### WORK TASK
Every line that contains "obtain" must be located and copied from the data.

*** Begin section ***

lemma lcp_chain_tail_le_dist_prefix:
  "lcp_chain p out \<Longrightarrow> distinct (map fst out) \<Longrightarrow> fst ` set out \<subseteq> S \<Longrightarrow>
   sum_list (map snd (tl out)) \<le> (\<Sum>s\<in>fst ` set (tl out). dist_prefix S s)"
proof (induction p out rule: lcp_chain.induct)
  case (2 p s h r)
  show ?case
  proof (cases r)
    case (Cons b r')
    obtain s' h' where b: "b = (s', h')" by (cases b)
    have "sum_list (map snd r') \<le> (\<Sum>s\<in>fst ` set r'. dist_prefix S s)"
      using 2 Cons b by simp
    moreover have "h' < dist_prefix S s'"
      using 2 Cons b lcp_less_dist_prefix[of s' S s] lcp_sym[of s s'] by auto
    moreover have "s' \<notin> fst ` set r'" using "2.prems" Cons b by auto
    ultimately show ?thesis using Cons b by simp
  qed simp
qed simp

lemma LH_le_D:
  assumes "lcp_chain p out" "distinct (map fst out)"
  shows "LH (map snd out) \<le> D (fst ` set out)"
proof -
  have "LH (map snd out) = sum_list (map snd (tl out))" by (simp add: LH_def drop_Suc map_tl)
  also have "\<dots> \<le> (\<Sum>s\<in>fst ` set (tl out). dist_prefix (fst ` set out) s)"
    using lcp_chain_tail_le_dist_prefix[OF assms] by simp
  also have "\<dots> \<le> D (fst ` set out)"
    unfolding D_def by (cases out) (auto intro!: sum_mono2)
  finally show ?thesis .
qed

text \<open>With at least two strings every distinguishing prefix is nonempty, so n \<le> D + 1.\<close>
lemma card_le_D:
  assumes "finite S"
  shows "card S \<le> D S + 1"
proof (cases "card S \<ge> 2")
  case True
  have "1 \<le> dist_prefix S s" if s: "s \<in> S" for s
  proof -
    from True s assms obtain u where "u \<in> S" "u \<noteq> s"
      by (metis card_le_Suc0_iff_eq not_less_eq_eq numeral_2_eq_2)
    with lcp_less_dist_prefix[OF s] show ?thesis by fastforce
  qed
  then have "(\<Sum>s\<in>S. (1::nat)) \<le> D S" unfolding D_def by (intro sum_mono) auto
  then show ?thesis by simp
qed simp

theorem lcp_msort_time:
  assumes "distinct xs"
  shows "real (snd (snd (lcp_msort xs)))
           \<le> 5 * (real (D (set xs)) + real (length xs) * log 2 (real (length xs)) + 1)"
proof -
  obtain out c t where r: "lcp_msort xs = (out, c, t)" by (metis prod.exhaust)
  note spec = lcp_msort_spec[OF r]
  define n where "n = length xs"
  show ?thesis
  proof (cases "xs = []")
    case True
    then show ?thesis unfolding r using spec by (simp add: D_def)
  next
    case False
    then have n1: "n \<ge> 1" using n_def by (cases xs) auto
    have "set (map fst out) = set xs" using spec by (metis set_mset_mset)
    moreover have "distinct (map fst out)" using spec assms mset_eq_imp_distinct_iff by blast
    ultimately have LH: "LH (map snd out) \<le> D (set xs)" using LH_le_D[of "[]" out] spec by simp
    have "t + 1 \<le> c + n * ceillog2 n + 2 * n" "c \<le> LH (map snd out) + n * ceillog2 n"
      using spec False unfolding n_def by simp_all
    with LH have "t + 1 \<le> D (set xs) + 2 * (n * ceillog2 n) + 2 * n" by linarith
    then have "real (t + 1) \<le> real (D (set xs) + 2 * (n * ceillog2 n) + 2 * n)"
      by (rule of_nat_mono)
    then have time: "real t + 1 \<le> real (D (set xs)) + 2 * (real n * real (ceillog2 n)) + 2 * real n"
      by simp
    have "n \<le> D (set xs) + 1" using card_le_D[of "set xs"] assms by (simp add: n_def distinct_card)
    then have size: "real n \<le> real (D (set xs)) + 1" by linarith
    have "real n * real (ceillog2 n) \<le> real n * (log 2 (real n) + 1)"
      using ceillog2_less_log[of n] n1 by (intro mult_left_mono) auto
    then have log: "real n * real (ceillog2 n) \<le> real n * log 2 (real n) + real n"
      by (simp add: distrib_left)
    have "real n * log 2 (real n) \<ge> 0" using n1 by simp
    with time size log have "real t \<le> 5 * (real (D (set xs)) + real n * log 2 (real n) + 1)"
      by (simp add: algebra_simps)
    then show ?thesis unfolding r snd_conv n_def[symmetric] .
  qed
qed
(* In the algebra $\mathcal O_q$ defined in the context, for all $n\in\mathbb N$: $$\mathcal W_{-n}=-(q-q^{-1})^{-1}\sum_{k=0}^n\sum_{\ell=0}^k\binom{k}{\ell}q^{2\ell-k}[2]_q^{-k-2}\tilde{\mathcal G}_{n-k}B_{(k-2\ell)\delta+\alpha_0},$$ $$\mathcal W_{n+1}=-(q-q^{-1})^{-1}\sum_{k=0}^n\sum_{\ell=0}^k\binom{k}{\ell}q^{k-2\ell}[2]_q^{-k-2}\tilde{\mathcal G}_{n-k}B_{(k-2\ell)\delta+\alpha_1}.$$
   Context: All algebras are associative and unital over a field $\mathbb F$; $q\in\mathbb F$ is nonzero and not a root of unity; $[n]_q=(q^n-q^{-n})/(q-q^{-1})$. For elements $X,Y$ of an algebra, $[X,Y]=XY-YX$ and $[X,Y]_q=qXY-q^{-1}YX$. Let $\rho=-(q^2-q^{-2})^2$. The algebra $\mathcal O_q$ is defined by generators $\mathcal W_{-k},\mathcal W_{k+1},\mathcal G_{k+1},\tilde{\mathcal G}_{k+1}$ ($k\in\mathbb N$) and the following relations for all $k,\ell\in\mathbb N$: $[\mathcal W_0,\mathcal W_{k+1}]=[\mathcal W_{-k},\mathcal W_1]=(\tilde{\mathcal G}_{k+1}-\mathcal G_{k+1})/(q+q^{-1})$; $[\mathcal W_0,\mathcal G_{k+1}]_q=[\tilde{\mathcal G}_{k+1},\mathcal W_0]_q=\rho\mathcal W_{-k-1}-\rho\mathcal W_{k+1}$; $[\mathcal G_{k+1},\mathcal W_1]_q=[\mathcal W_1,\tilde{\mathcal G}_{k+1}]_q=\rho\mathcal W_{k+2}-\rho\mathcal W_{-k}$; $[\mathcal W_{-k},\mathcal W_{-\ell}]=0$, $[\mathcal W_{k+1},\mathcal W_{\ell+1}]=0$; $[\mathcal W_{-k},\mathcal W_{\ell+1}]+[\mathcal W_{k+1},\mathcal W_{-\ell}]=0$; $[\mathcal W_{-k},\mathcal G_{\ell+1}]+[\mathcal G_{k+1},\mathcal W_{-\ell}]=0$; $[\mathcal W_{-k},\tilde{\mathcal G}_{\ell+1}]+[\tilde{\mathcal G}_{k+1},\mathcal W_{-\ell}]=0$; $[\mathcal W_{k+1},\mathcal G_{\ell+1}]+[\mathcal G_{k+1},\mathcal W_{\ell+1}]=0$; $[\mathcal W_{k+1},\tilde{\mathcal G}_{\ell+1}]+[\tilde{\mathcal G}_{k+1},\mathcal W_{\ell+1}]=0$; $[\mathcal G_{k+1},\mathcal G_{\ell+1}]=0$, $[\tilde{\mathcal G}_{k+1},\tilde{\mathcal G}_{\ell+1}]=0$; $[\tilde{\mathcal G}_{k+1},\mathcal G_{\ell+1}]+[\mathcal G_{k+1},\tilde{\mathcal G}_{\ell+1}]=0$. Convention: $\tilde{\mathcal G}_0=-(q-q^{-1})[2]_q^2$. Define $B_\delta=q^{-2}\mathcal W_1\mathcal W_0-\mathcal W_0\mathcal W_1$; $B_{\alpha_0}=\mathcal W_0$, $B_{\delta+\alpha_0}=\mathcal W_1+\frac{q[B_\delta,\mathcal W_0]}{(q-q^{-1})(q^2-q^{-2})}$, $B_{n\delta+\alpha_0}=B_{(n-2)\delta+\alpha_0}+\frac{q[B_\delta,B_{(n-1)\delta+\alpha_0}]}{(q-q^{-1})(q^2-q^{-2})}$ for $n\ge2$; $B_{\alpha_1}=\mathcal W_1$, $B_{\delta+\alpha_1}=\mathcal W_0-\frac{q[B_\delta,\mathcal W_1]}{(q-q^{-1})(q^2-q^{-2})}$, $B_{n\delta+\alpha_1}=B_{(n-2)\delta+\alpha_1}-\frac{q[B_\delta,B_{(n-1)\delta+\alpha_1}]}{(q-q^{-1})(q^2-q^{-2})}$ for $n\ge2$. For negative integers $k$, set $B_{k\delta+\alpha_0}=B_{(-k-1)\delta+\alpha_1}$ and $B_{k\delta+\alpha_1}=B_{(-k-1)\delta+\alpha_0}$. *)

theory Defs
  imports Main
begin

text \<open>An F-algebra is modelled as a ring 'a together with a central unital ring
homomorphism emb from the field 'f into 'a (scalar c acts as emb c * _).\<close>

definition central_emb :: "('f::field \<Rightarrow> 'a::ring_1) \<Rightarrow> bool" where
  "central_emb emb \<longleftrightarrow> emb 1 = 1 \<and> (\<forall>x y. emb (x + y) = emb x + emb y)
     \<and> (\<forall>x y. emb (x * y) = emb x * emb y) \<and> (\<forall>x a. emb x * a = a * emb x)"

definition comm :: "'a::ring_1 \<Rightarrow> 'a \<Rightarrow> 'a" where
  "comm x y = x * y - y * x"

*** End section ***

### ANSWER TO THIS EXERCISE
    obtain s' h' where b: "b = (s', h')" by (cases b)
    from True s assms obtain u where "u \<in> S" "u \<noteq> s"
  obtain out c t where r: "lcp_msort xs = (out, c, t)" by (metis prod.exhaust)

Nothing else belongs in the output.